*Task statement:* The required answer is a copy of each line in the entries below that includes "lborel".

*Data to use:*

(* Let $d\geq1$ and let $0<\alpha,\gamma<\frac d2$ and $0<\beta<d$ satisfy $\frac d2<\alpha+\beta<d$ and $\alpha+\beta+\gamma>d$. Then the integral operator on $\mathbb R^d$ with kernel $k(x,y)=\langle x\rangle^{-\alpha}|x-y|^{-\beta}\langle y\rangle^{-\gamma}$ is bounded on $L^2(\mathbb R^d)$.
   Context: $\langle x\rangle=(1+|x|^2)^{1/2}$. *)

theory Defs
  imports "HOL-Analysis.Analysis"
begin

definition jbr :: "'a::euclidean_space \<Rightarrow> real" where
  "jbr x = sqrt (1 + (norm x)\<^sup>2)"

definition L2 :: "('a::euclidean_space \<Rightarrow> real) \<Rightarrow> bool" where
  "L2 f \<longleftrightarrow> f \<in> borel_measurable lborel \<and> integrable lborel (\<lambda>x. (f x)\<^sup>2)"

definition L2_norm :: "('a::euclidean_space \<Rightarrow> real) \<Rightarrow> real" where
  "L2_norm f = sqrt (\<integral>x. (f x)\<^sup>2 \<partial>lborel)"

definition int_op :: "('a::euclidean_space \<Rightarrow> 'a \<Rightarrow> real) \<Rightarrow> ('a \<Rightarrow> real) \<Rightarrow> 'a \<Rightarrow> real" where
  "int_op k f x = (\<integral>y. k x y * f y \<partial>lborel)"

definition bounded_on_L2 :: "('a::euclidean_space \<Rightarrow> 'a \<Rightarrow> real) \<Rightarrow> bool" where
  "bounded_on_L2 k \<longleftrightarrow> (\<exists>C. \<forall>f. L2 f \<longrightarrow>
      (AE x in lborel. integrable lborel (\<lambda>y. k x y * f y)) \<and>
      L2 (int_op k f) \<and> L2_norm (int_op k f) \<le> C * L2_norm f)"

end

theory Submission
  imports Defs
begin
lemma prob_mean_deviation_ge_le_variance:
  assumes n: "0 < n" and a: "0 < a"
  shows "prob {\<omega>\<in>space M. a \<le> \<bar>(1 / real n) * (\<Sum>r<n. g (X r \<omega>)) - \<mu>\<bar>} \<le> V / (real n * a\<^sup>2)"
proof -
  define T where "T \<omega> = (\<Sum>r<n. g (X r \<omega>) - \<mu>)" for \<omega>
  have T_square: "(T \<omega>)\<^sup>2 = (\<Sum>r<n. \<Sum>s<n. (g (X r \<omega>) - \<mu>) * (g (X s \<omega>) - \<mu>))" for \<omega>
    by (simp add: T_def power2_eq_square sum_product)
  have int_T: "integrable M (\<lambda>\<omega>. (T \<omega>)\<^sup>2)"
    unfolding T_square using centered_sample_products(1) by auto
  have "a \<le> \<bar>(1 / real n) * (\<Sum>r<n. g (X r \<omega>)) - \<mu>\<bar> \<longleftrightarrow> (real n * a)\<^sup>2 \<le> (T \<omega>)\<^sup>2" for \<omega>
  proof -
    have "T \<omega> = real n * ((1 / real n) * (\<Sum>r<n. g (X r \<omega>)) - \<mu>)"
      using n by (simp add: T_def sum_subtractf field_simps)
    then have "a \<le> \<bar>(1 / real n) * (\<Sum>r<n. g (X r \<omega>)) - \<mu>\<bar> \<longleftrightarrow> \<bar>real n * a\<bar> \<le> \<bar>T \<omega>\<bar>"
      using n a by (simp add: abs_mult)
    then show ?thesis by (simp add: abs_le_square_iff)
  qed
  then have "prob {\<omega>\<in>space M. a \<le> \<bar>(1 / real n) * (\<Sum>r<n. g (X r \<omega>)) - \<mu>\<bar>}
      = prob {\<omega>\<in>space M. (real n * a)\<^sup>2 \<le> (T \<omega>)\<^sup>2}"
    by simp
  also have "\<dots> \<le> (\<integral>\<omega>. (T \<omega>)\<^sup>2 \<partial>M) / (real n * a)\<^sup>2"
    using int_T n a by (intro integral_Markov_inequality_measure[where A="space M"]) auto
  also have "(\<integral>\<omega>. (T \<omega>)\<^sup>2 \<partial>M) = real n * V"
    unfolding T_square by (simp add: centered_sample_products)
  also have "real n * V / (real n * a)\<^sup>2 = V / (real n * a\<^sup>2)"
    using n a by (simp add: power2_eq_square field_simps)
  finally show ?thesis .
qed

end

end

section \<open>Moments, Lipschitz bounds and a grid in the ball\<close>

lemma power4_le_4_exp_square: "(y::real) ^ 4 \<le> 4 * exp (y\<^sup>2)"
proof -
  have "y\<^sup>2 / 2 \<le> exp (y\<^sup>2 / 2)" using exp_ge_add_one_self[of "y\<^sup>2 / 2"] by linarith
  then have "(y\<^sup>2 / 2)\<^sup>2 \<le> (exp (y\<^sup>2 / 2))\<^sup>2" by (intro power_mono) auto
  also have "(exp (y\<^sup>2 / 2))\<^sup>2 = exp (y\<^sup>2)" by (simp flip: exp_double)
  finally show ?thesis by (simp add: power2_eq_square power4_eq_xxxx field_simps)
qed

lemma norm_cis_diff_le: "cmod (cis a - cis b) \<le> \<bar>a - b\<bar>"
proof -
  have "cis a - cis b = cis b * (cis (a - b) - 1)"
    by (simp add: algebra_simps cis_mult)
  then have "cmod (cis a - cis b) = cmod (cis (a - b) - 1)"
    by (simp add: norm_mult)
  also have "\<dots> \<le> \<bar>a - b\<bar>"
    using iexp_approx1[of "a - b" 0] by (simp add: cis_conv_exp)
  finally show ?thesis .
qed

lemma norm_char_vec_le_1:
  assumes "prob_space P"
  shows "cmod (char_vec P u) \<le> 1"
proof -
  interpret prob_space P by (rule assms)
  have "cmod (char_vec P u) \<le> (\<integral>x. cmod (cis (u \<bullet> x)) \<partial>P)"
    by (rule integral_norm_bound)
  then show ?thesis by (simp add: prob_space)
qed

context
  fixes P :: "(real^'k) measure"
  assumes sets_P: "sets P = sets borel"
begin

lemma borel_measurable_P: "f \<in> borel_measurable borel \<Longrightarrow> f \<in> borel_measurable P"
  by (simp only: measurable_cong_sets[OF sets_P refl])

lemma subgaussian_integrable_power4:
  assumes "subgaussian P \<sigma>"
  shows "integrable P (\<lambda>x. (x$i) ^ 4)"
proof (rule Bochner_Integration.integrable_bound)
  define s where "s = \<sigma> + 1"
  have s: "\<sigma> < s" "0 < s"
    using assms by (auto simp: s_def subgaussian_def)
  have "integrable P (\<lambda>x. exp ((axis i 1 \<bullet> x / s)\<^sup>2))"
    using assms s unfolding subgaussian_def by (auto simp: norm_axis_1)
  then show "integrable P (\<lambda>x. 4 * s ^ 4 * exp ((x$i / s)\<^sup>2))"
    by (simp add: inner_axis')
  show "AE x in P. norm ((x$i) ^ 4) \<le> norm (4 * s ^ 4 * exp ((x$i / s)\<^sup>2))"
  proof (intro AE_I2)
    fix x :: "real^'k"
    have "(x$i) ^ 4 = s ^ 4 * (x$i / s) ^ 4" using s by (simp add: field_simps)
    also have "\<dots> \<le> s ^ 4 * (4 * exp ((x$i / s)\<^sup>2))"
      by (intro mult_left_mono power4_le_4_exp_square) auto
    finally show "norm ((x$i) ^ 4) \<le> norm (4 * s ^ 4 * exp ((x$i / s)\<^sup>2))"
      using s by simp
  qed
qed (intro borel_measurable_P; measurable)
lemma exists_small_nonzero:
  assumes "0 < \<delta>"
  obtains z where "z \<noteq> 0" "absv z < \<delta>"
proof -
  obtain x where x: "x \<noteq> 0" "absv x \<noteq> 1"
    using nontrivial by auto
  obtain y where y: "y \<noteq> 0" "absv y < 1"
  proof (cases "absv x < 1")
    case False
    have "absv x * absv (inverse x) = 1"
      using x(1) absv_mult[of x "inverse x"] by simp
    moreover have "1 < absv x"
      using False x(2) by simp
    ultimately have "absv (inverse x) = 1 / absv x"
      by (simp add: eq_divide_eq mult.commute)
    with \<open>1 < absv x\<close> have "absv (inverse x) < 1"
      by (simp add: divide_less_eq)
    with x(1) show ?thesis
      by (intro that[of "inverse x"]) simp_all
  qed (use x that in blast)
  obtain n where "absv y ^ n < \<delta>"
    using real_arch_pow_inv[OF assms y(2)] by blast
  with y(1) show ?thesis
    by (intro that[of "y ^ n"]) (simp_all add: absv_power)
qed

*Result:*
  "L2 f \<longleftrightarrow> f \<in> borel_measurable lborel \<and> integrable lborel (\<lambda>x. (f x)\<^sup>2)"
  "L2_norm f = sqrt (\<integral>x. (f x)\<^sup>2 \<partial>lborel)"
  "int_op k f x = (\<integral>y. k x y * f y \<partial>lborel)"
      (AE x in lborel. integrable lborel (\<lambda>y. k x y * f y)) \<and>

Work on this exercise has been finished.